There are a number of portraits of Giuliano de' Medici (1479-1516), Pope Leo X's younger brother and Duke of Nemours, but no unanimity exists regarding which of these is Raphael's original. That such a picture existed is clear from letters written within a year of the picture being painted (further discussed below), and after the sitter's death Raphael's painting spawned numerous copies, including Vasari's fresco in the Palazzo Vecchio (which was based on knowledge of Raphael's original then in the possession of Ottaviano de' Medici in Florence), and a panel attributed to Alessandro Allori in the Gallerie degli Uffizi, Florence (inv. 1890, n. 775). One version, rediscovered in the nineteenth century in Florence and now in the Metropolitan Museum of Art (inv. 49.7.12, Img X), was widely accepted as a work by Raphael in the nineteenth and early twentieth centuries but was increasingly dismissed as a copy or as a workshop replica of a lost original. The version in New York is painted on a fine canvas, and does not appear to be a transfer from a wooden support. It has suffered very extensive abrasion throughout, and there are large areas of retouching. Further comment on its compromised condition is offered by the current author in his entry on the New York picture when it was displayed in Madrid and Paris in 2012-13 (as Raphael and Workshop).
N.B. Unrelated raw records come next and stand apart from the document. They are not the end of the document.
theorem proposition2:
  fixes P :: "'a measure"
    and SX :: "nat \<Rightarrow> 'x measure" and SV :: "nat \<Rightarrow> 'v measure"
    and X :: "nat \<Rightarrow> 'a \<Rightarrow> 'x" and V :: "nat \<Rightarrow> nat \<Rightarrow> 'a \<Rightarrow> 'v"
    and Tstat :: "nat \<Rightarrow> nat \<Rightarrow> 'x \<Rightarrow> real"
    and Tboot :: "nat \<Rightarrow> nat \<Rightarrow> 'x \<Rightarrow> 'v \<Rightarrow> real"
    and r :: nat and Mn :: "nat \<Rightarrow> nat"
    and \<phi> :: "real \<Rightarrow> real" and w :: "nat \<Rightarrow> real"
    and H0 :: "nat \<Rightarrow> bool" and j0 :: nat
  assumes prob: "prob_space P"
    and r_pos: "r \<ge> 1"
    \<comment> \<open>data and resampling randomness\<close>
    and X_meas: "\<And>n. X n \<in> measurable P (SX n)"
    and V_meas: "\<And>n i. i \<ge> 1 \<Longrightarrow> V n i \<in> measurable P (SV n)"
    and V_indep: "\<And>n. prob_space.indep_vars P (\<lambda>_. SV n) (V n) {1..}"
    and V_ident: "\<And>n i. i \<ge> 1 \<Longrightarrow> distr P (SV n) (V n i) = distr P (SV n) (V n 1)"
    and XV_indep: "\<And>n. distr P (SX n \<Otimes>\<^sub>M PiM {1..} (\<lambda>_. SV n))
                        (\<lambda>\<omega>. (X n \<omega>, restrict (\<lambda>i. V n i \<omega>) {1..}))
                      = distr P (SX n) (X n) \<Otimes>\<^sub>M
                        distr P (PiM {1..} (\<lambda>_. SV n)) (\<lambda>\<omega>. restrict (\<lambda>i. V n i \<omega>) {1..})"
    \<comment> \<open>test statistics T_{n,j} = T_{n,j}(X_n) and replicates T_{n,j}^[i] = T_{n,j}^[i](X_n, V_n^[i])\<close>
    and T_meas: "\<And>n j. Tstat n j \<in> borel_measurable (SX n)"
    and Tb_meas: "\<And>n j. (\<lambda>(x, v). Tboot n j x v) \<in> borel_measurable (SX n \<Otimes>\<^sub>M SV n)"
    \<comment> \<open>M = M_n tends to infinity\<close>
    and Mn_lim: "filterlim Mn at_top sequentially"
    \<comment> \<open>(i) form of the combining function\<close>
    and w_pos: "\<And>j. j \<in> {1..r} \<Longrightarrow> w j > 0"
    and \<phi>_bij: "bij_betw \<phi> {0<..<1} {0<..}"
    and \<phi>_decr: "\<And>x y. x \<in> {0<..<1} \<Longrightarrow> y \<in> {0<..<1} \<Longrightarrow> x \<le> y \<Longrightarrow> \<phi> y \<le> \<phi> x"
    and \<phi>_nonneg: "\<And>x. x \<in> {0<..<1} \<Longrightarrow> \<phi> x \<ge> 0"
    \<comment> \<open>(ii) a false null hypothesis whose test is consistent\<close>
    and j0: "j0 \<in> {1..r}"
    and H0_false: "\<not> H0 j0"
    and consistent: "(\<lambda>n. measure P {\<omega> \<in> space P.
                        Tboot n j0 (X n \<omega>) (V n 1 \<omega>) \<ge> Tstat n j0 (X n \<omega>)}) \<longlonglongrightarrow> 0"
    \<comment> \<open>(iii) no ties among the bootstrap replicates\<close>
    and no_ties: "\<And>n. AE \<omega> in P. \<forall>j\<in>{1..r}. \<forall>k\<in>{1..Mn n}. \<forall>k'\<in>{1..Mn n}.
                    k \<noteq> k' \<longrightarrow> Tboot n j (X n \<omega>) (V n k \<omega>) \<noteq> Tboot n j (X n \<omega>) (V n k' \<omega>)"
  shows "tendsto_in_prob P
           (\<lambda>n \<omega>. comb_pval (Mn n)
              (comb_stat (\<lambda>p. \<Sum>j = 1..r. w j * \<phi> (p j)) (Mn n)
                 (\<lambda>i j. if i = 0 then Tstat n j (X n \<omega>) else Tboot n j (X n \<omega>) (V n i \<omega>))))
           0"
proof -
  define Y where "Y = (\<lambda>n \<omega>. comb_pval (Mn n)
    (comb_stat (\<lambda>p. \<Sum>j = 1..r. w j * \<phi> (p j)) (Mn n)
      (\<lambda>i j. if i = 0 then Tstat n j (X n \<omega>) else Tboot n j (X n \<omega>) (V n i \<omega>))))"
  define q where "q n = measure P {\<omega> \<in> space P. Tstat n j0 (X n \<omega>) \<le> Tboot n j0 (X n \<omega>) (V n 1 \<omega>)}"
    for n
  have XV_indep_replicate: "distr P (SX n \<Otimes>\<^sub>M SV n) (\<lambda>\<omega>. (X n \<omega>, V n i \<omega>))
      = distr P (SX n) (X n) \<Otimes>\<^sub>M distr P (SV n) (V n i)" if "1 \<le> i" for n i
    using distr_Pair_replicate[OF prob X_meas V_meas XV_indep that] .
  have w_nonneg: "0 \<le> w j" if "j \<in> {1..r}" for j
    using w_pos[OF that] by simp
  have \<phi>_surj: "{0<..} \<subseteq> \<phi> ` {0<..<1}"
    using \<phi>_bij by (simp add: bij_betw_def)
  have M_infty: "filterlim (\<lambda>n. real (Mn n)) at_top sequentially"
    using filterlim_compose[OF filterlim_real_sequentially Mn_lim] by (simp add: comp_def)
  show ?thesis
    unfolding Y_def[symmetric] tendsto_in_prob_def diff_zero
  proof (intro allI impI)
    fix e :: real assume "0 < e"
    define c where "c = min (1 / 2) (e / (4 * real r))"
    have c: "c \<in> {0<..<1}" and rc: "2 * real r * c < e"
      using \<open>0 < e\<close> r_pos by (auto simp: c_def min_def field_simps)
    have "0 < w j0" using w_pos j0 by simp
    from large_near_0_if_surj[OF \<phi>_surj \<phi>_decr this, where b = "\<phi> c * (\<Sum>j = 1..r. w j)"]
    obtain \<eta> where \<eta>: "\<eta> \<in> {0<..<1}"
      and large: "\<And>x. x \<in> {0<..<1} \<Longrightarrow> x \<le> \<eta> \<Longrightarrow> \<phi> c * (\<Sum>j = 1..r. w j) < w j0 * \<phi> x"
      by blast
    have bound: "measure P {\<omega> \<in> space P. e < \<bar>Y n \<omega>\<bar>} \<le> 2 / \<eta> * q n"
      if "1 \<le> real (Mn n) * \<eta>" for n
      unfolding Y_def q_def
      by (rule measure_comb_pval_gt_le[where T = "Tstat n" and Tb = "Tboot n" and V = "V n" and w = w
          and \<phi> = \<phi>, OF prob X_meas V_meas V_ident XV_indep_replicate T_meas Tb_meas w_nonneg
          \<phi>_decr \<phi>_nonneg j0 c rc large that])
    have "\<forall>\<^sub>F n in sequentially. 1 \<le> real (Mn n) * \<eta>"
      using filterlim_tendsto_pos_mult_at_top[OF tendsto_const _ M_infty, of \<eta>] \<eta>
      by (simp add: filterlim_at_top mult.commute)
    then have upper: "\<forall>\<^sub>F n in sequentially. measure P {\<omega> \<in> space P. e < \<bar>Y n \<omega>\<bar>} \<le> 2 / \<eta> * q n"
      by (rule eventually_mono) (rule bound)
    have lim: "(\<lambda>n. 2 / \<eta> * q n) \<longlonglongrightarrow> 0"
      using tendsto_mult[OF tendsto_const consistent, of "2 / \<eta>"] by (simp add: q_def)
    show "(\<lambda>n. measure P {\<omega> \<in> space P. e < \<bar>Y n \<omega>\<bar>}) \<longlonglongrightarrow> 0"
      by (rule tendsto_sandwich[OF _ upper tendsto_const lim]) simp
  qed
qed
It remains to be clarified what the original looked like. The version in New York is, in fact, an outlier amongst the various versions. It shows the sitter's hands resting on a table, the top of the figure's left arm and a view beyond of the Castel Sant'Angelo and the ramparts (the Passetto) that link this building to the Vatican palace. I am only aware of one, weak, copy after this composition in its entirety, i.e. also including the Castel Sant'Angelo and a section of the Borgo Alexandrina. A second group of pictures again show the seated figure half-length, holding a letter, and it was this model that Allori followed in his later sixteenth-century copy. Notably these half-length versions all frame the figure as in the New York version. A final group only shows the head and shoulders of the sitter, always against a green curtain. The most likely scenario is that this final group is a reduced version of the larger prototype, but one cannot be sure that this was the case; and de Maffei (1959) argued that the head and shoulders format was the original solution (when promoting a version, then in a private collection, as Raphael's original). Vasari's frescoed copy in the Palazzo Vecchio could have depended on any one of these compositions. Later in the century the composition was developed as a three-quarter length by Pieter de Witte (Pietro Candido) in another painting in the Uffizi.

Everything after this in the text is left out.